“You’ve gotta put up a fight if you want your rights!”
When his girlfriend (Karen Morley) leaves him for a chance at city-life with a policeman (William Gargan), a heart-broken coal miner (Paul Muni) is lured by a corrupt agitator (J. Carroll Naish) into leading a new union, much to the chagrin of his union-abiding friend Joe (John Qualen) and Joe’s wife (Sara Haden).
Genres, Themes, Actors, and Directors:
- Akim Tamiroff Films
- John Qualen Films
- Karen Morley Films
- Labor Movement
- Michael Curtiz Films
- Mining Towns
- Paul Muni Films
Based on the real-life murder of a Pennsylvania coal miner in 1929, this controversial Warner Brothers drama suffers from an over-the-top performance by Paul Muni as a Polish-American miner whose poor decision-making during a night of drunken sorrow leads to irreparable harm. While corruption between Big Bosses, labor unions, and employees clearly exists in countless professions across the globe, the storyline presented here is overly simplistic, and fails to provide viewers with anything other than a melodramatic tale of the tragic downfall and heroic redemption of a “likable man”. Muni’s accent and dialect — while perhaps realistic — are laid on so thick they’re distracting; and it’s hard to root for someone who may be well-meaning but ultimately comes across as a naive dupe.

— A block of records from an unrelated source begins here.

lemma util_nonneg: "0 \<le> util A i X"
  unfolding util_def val_def by (auto intro!: sum_nonneg divide_nonneg_nonneg)

lemma util_singleton: "(i, i) \<notin> A \<Longrightarrow> util A i {i} = 0"
  unfolding util_def val_def by simp

lemma util_insert_non_neighbour:
  assumes "finite T" "i \<notin> T" "(j, i) \<notin> A"
  shows "util A j (insert i T) = out_degree A j T / (card T + 1)"
proof -
  have "out_degree A j (insert i T) = out_degree A j T"
    unfolding out_degree_def using assms(3) by (metis (lifting) insert_iff)
  then show ?thesis using assms(1,2) by (simp add: util_eq_out_degree)
qed

lemma coal_eqI: "partition_on N P \<Longrightarrow> C \<in> P \<Longrightarrow> i \<in> C \<Longrightarrow> coal P i = C"
  unfolding coal_def by (rule the_equality) (auto dest: partition_onD2 disjointD)

lemma move_eq:
  assumes "partition_on N P" "C \<in> P" "i \<in> C"
  shows "move P i T = insert (insert i T) (P - {C, T}) \<union> (if C - {i} = {} then {} else {C - {i}})"
  unfolding move_def coal_eqI[OF assms] by auto

lemma move_partition_on:
  assumes "partition_on N P" "C \<in> P" "i \<in> C" "T \<in> P" "T \<noteq> C"
  shows "partition_on N (move P i T)"
proof -
  note disj = disjointD[OF partition_onD2[OF assms(1)]]
  have "\<Union>(move P i T) = \<Union>P"
    using assms(2-4) unfolding move_eq[OF assms(1-3)] by auto
  moreover have "disjoint (move P i T)"
    using assms(2-5) disj unfolding move_eq[OF assms(1-3)] disjoint_def by (auto 4 3)
  moreover have "{} \<notin> move P i T"
    using partition_onD3[OF assms(1)] unfolding move_eq[OF assms(1-3)] by auto
  ultimately show ?thesis using partition_onD1[OF assms(1)] by (simp add: partition_on_def)
qed

lemma sum_move:
  fixes f :: "nat set \<Rightarrow> 'a::comm_monoid_add"
  assumes "partition_on N P" "finite P" "C \<in> P" "i \<in> C" "T \<in> P" "T \<noteq> C" "f {} = 0"
  shows "sum f (move P i T) + f C + f T = sum f P + f (insert i T) + f (C - {i})"
proof -
  note disj = disjointD[OF partition_onD2[OF assms(1)]]
  have "T \<noteq> {}" using partition_onD3[OF assms(1)] assms(5) by blast
  moreover have "i \<notin> T" using disj[OF assms(3,5)] assms(4,6) by blast
  ultimately have join_new: "insert i T \<notin> P" using disj[OF _ assms(5)] by blast
  have remove_new: "C - {i} \<notin> P" if "C - {i} \<noteq> {}"
    using disj[OF _ assms(3)] assms(4) that by blast
  define R where "R = P - {C, T}"
  have finR: "finite R" using assms(2) unfolding R_def by simp
  have "sum f P = f C + sum f (P - {C})" by (rule sum.remove[OF assms(2,3)])
  also have "sum f (P - {C}) = f T + sum f (P - {C} - {T})"
    using assms(2,5,6) by (intro sum.remove) auto
  also have "P - {C} - {T} = R" unfolding R_def by blast
  finally have "sum f P = f C + (f T + sum f R)" .
  moreover have "sum f (move P i T) = f (insert i T) + f (C - {i}) + sum f R"
  proof (cases "C - {i} = {}")
    case True
    then have "move P i T = insert (insert i T) R" unfolding move_eq[OF assms(1,3,4)] R_def by simp
    then show ?thesis using join_new finR assms(7) unfolding True R_def by simp
  next
    case False
    then have "move P i T = insert (insert i T) (insert (C - {i}) R)"
      unfolding move_eq[OF assms(1,3,4)] R_def by auto
    moreover have "C - {i} \<noteq> insert i T" by blast
    ultimately show ?thesis using join_new remove_new[OF False] finR
      unfolding R_def by (simp add: add.assoc)
  qed
  ultimately show ?thesis by (simp add: ac_simps)
qed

Note: The film’s title doesn’t help its staying power, given that one would naturally expect such a movie to be about African-Americans.

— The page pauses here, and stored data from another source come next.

(* Let $G\ne1$ be a finitely generated group in $\mathrm{Q}(\mathrm{PLO})$. Then there exists a normal subgroup $H\ne 1$ of $G$ such that whenever $A,B$ are finitely generated subgroups of $H$, there exists $g\in G$ such that $A^g$ and $B$ centralize each other.
   Context: $\mathrm{PLO}$ is the class of groups isomorphic to a subgroup of $\mathcal{P}$, the group of piecewise linear orientation preserving self-homeomorphisms of $[0,1]$. $\mathrm{Q}(\mathrm{PLO})$ is the class of groups isomorphic to a quotient of a $\mathrm{PLO}$-group. $A^g=gAg^{-1}$. *)

theory Defs
  imports "HOL-Analysis.Analysis" "HOL-Algebra.Algebra"
begin

text \<open>Piecewise linear orientation preserving self-homeomorphisms of [0,1],
  extended by the identity outside [0,1] so that functions are determined by
  their restriction to [0,1].\<close>

definition pl_on_unit :: "(real \<Rightarrow> real) \<Rightarrow> bool" where
  "pl_on_unit f \<longleftrightarrow>
     (\<exists>S. finite S \<and> {0,1} \<subseteq> S \<and> S \<subseteq> {0..1} \<and>
        (\<forall>x\<in>S. \<forall>y\<in>S. x < y \<and> {x<..<y} \<inter> S = {} \<longrightarrow>
           (\<exists>a b. \<forall>t\<in>{x..y}. f t = a * t + b)))"

definition PLO_homeos :: "(real \<Rightarrow> real) set" where
  "PLO_homeos = {f. (\<exists>g. homeomorphism {0..1} {0..1} f g) \<and> mono_on {0..1} f
                   \<and> pl_on_unit f \<and> (\<forall>x. x \<notin> {0..1} \<longrightarrow> f x = x)}"

definition PLgroup :: "(real \<Rightarrow> real) monoid" where
  "PLgroup = \<lparr>carrier = PLO_homeos, mult = (\<lambda>f g. f \<circ> g), one = id\<rparr>"

definition in_QPLO :: "('a, 'b) monoid_scheme \<Rightarrow> bool" where
  "in_QPLO G \<longleftrightarrow> (\<exists>K N. subgroup K PLgroup \<and> N \<lhd> (PLgroup\<lparr>carrier := K\<rparr>)
                      \<and> G \<cong> ((PLgroup\<lparr>carrier := K\<rparr>) Mod N))"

Redeeming Qualities and Moments:
- Byron Haskin’s cinematography
No; this one is only must-see for Muni completists.
3 thoughts on “Black Fury (1935)”
First viewing – in total agreement with the assessment; not must-see.
‘Black Fury’ is single-handedly undone by Muni’s embarrassing, one-note, canned ham performance. In classic cinema, Muni is the ‘master’ of surface acting – it’s no wonder his films are generally not talked about. Off-hand, I can’t recall a film of his in which the director was strong enough to rid Muni of his wrong-headed approach to playing characters. Or maybe he just didn’t know how to act. But God knows how Muni was able to have any kind of lasting career.
Wowee! What a strong opinion! Now I want to go back to all other Muni films I’ve posted on and see what your reaction was…
I’m just realized I haven’t yet written about his biggest titles (“Scarface”, “Life of Emile Zola”, “Story of Louis Pasteur”, “Good Earth”.
You had already set the pace about Muni’s performance in your review. I concurred. I really don’t remember his other films just now (big surprise). And, as I said, if on other occasions a director was able to whip Muni into shape…maybe there was something to show for it. (I doubt it.)
I kind of see him as the Daniel Day Lewis of his day. I don’t buy Lewis’ acting (overall) either. I usually see a lot of huffing and puffing but not much acting. (Just my opinion.)